Hope For Tomorrow Counseling

Giving Until It Hurts: Somewhere Between Give and Take: Part I

by: Amanda Kirk, MS

Over the years, I’ve heard some variation of the following phrase many times, generally in a tone of admiration and praise. “She is always taking care of people. He is such a giver. She never asks anything for herself. He just has a servant’s heart” and so on.

I suspect you’ve heard or made similar statements yourself; I know I have. I don’t recall ever hearing that stated with an air of disdain, disapproval, or pity. No, instead, it calls forth the image of a noble, wise, generous person who, apparently self-sufficient, has endless resources with which to offer him/herself to others in need or want.

And we just love her*, don’t we? Some of us seek her out to be a benefactor of her graciousness. Some of us, though painfully aware of our own limitations, want to be her. Some of us, for better or worse, are her.

Over the course of my life, I’ve generally resided in the camp of “wanting to be ‘Her’”. As a not-so-recovered perfectionist, I’ve long admired the people who seemed to have it all together –  independent, capable, and endlessly resourceful. But the longer I live on this earth, observe, interact with, and work with clients and others, and certainly, as I get to know myself more and more, I have become increasingly convinced, to my own admitted surprise, that “Her” does not actually exist. Nor, even more shockingly, should she!

Sure, there are people – both men and women – who are innate “givers.” They are generous, hospitable, capable, and resourceful. And those are beautiful, needed characteristics. But those people are not self-sufficient. No one is without need. Whether we are aware of it or not, whether we accept it or not, whether we have it or not, every single one of us needs others. It’s a part of our divine design. Just as we need to invest in others, we also carry the legitimate, healthy, and necessary need within us to be invested in, cared for, challenged, loved, supported.

Why is this important?

Because there tends to be an unhealthy trend toward imbalance – in both directions.

The “Her” we’ve been talking about is so revered; we tend to feel guilty, weak, and ashamed when we can’t measure up to that impossible standard. We tend to be the Givers. And most definitely, not the Takers.
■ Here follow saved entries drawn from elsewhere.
section \<open>Levy processes in a compact matrix group\<close>

locale compact_levy =
  fixes M :: "'a measure" and G :: "'n::finite mat set" and X :: "real \<Rightarrow> 'a \<Rightarrow> 'n mat"
  assumes compact_matrix_group: "compact_matrix_group G" and levy: "levy_process M G X"
begin

sublocale prob_space M
  using levy unfolding levy_process_def by blast

lemma measurable_X[measurable]: "t \<ge> 0 \<Longrightarrow> X t \<in> borel_measurable M"
  using levy unfolding levy_process_def by blast

lemma X_in_G: "t \<ge> 0 \<Longrightarrow> \<omega> \<in> space M \<Longrightarrow> X t \<omega> \<in> G"
  using levy unfolding levy_process_def by blast

lemma X_0: "\<omega> \<in> space M \<Longrightarrow> X 0 \<omega> = mat 1"
  using levy unfolding levy_process_def by blast

lemma continuous_at_right_X: "\<omega> \<in> space M \<Longrightarrow> t \<ge> 0 \<Longrightarrow> continuous (at_right t) (\<lambda>s. X s \<omega>)"
  using levy unfolding levy_process_def by blast

lemma indep_increments:
  assumes "0 \<le> t 0" "\<And>i. i < n \<Longrightarrow> t i < t (Suc i)"
  shows "indep_vars (\<lambda>_. borel) (\<lambda>i \<omega>. matrix_inv (X (t (i - 1)) \<omega>) ** X (t i) \<omega>) {1..n}"
  using levy assms unfolding levy_process_def by blast

lemma stationary_increments:
  assumes "0 \<le> s" "s < t"
  shows "distr M borel (\<lambda>\<omega>. matrix_inv (X s \<omega>) ** X t \<omega>) = distr M borel (X (t - s))"
  using levy assms unfolding levy_process_def by blast

lemma G_invertible: "g \<in> G \<Longrightarrow> invertible g"
  and mat_1_in_G: "mat 1 \<in> G"
  and G_mult: "a \<in> G \<Longrightarrow> b \<in> G \<Longrightarrow> a ** b \<in> G"
  and G_matrix_inv: "a \<in> G \<Longrightarrow> matrix_inv a \<in> G"
  and closed_G: "closed G"
  using compact_matrix_group compact_imp_closed unfolding compact_matrix_group_def by blast+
So we keep our needs quiet to maintain a facade of self-sufficiency, often costing us deeply with burnout and overwhelm.

Or, conversely, we feel cheated, disillusioned, and endlessly disappointed when the “Her’s” in our lives fall short of our expectations of them. We tend to be the Takers. And even if we could also be the Givers, we’re so desperate to have our own needs met that any thought of extending ourselves for someone else feels too threatening, too exhausting.

To be either and only the Giver or the Taker is unhealthy and, I would submit, even dangerous to our well-being and the well-being of those around us. I purposely talk in extremes here for clarity, because most people tend to tip the scale in one direction or another.

The Giver becomes so depleted she has little energy to truly invest in the people and projects she is most gifted for and passionate about.

The Taker becomes so self-absorbed she cannot even see the people around her in any other context than what they can do for her.

So in very different ways, both the Giver and the Taker become isolated, unable to appropriately ask for and accept help and love from others, as well as extend themselves generously and healthily to loved ones.

Any idea which one you tend to be?

In our next post, I’ll offer an easy exercise to help you evaluate whether you tend to be a Giver or Taker. And some thoughts on simple things we all can do to get a little healthier, a little more balanced.

*I use the pronoun “Her” throughout this article for consistency and clarity, but of course, this person could be interchanged as male or female and is intended for all.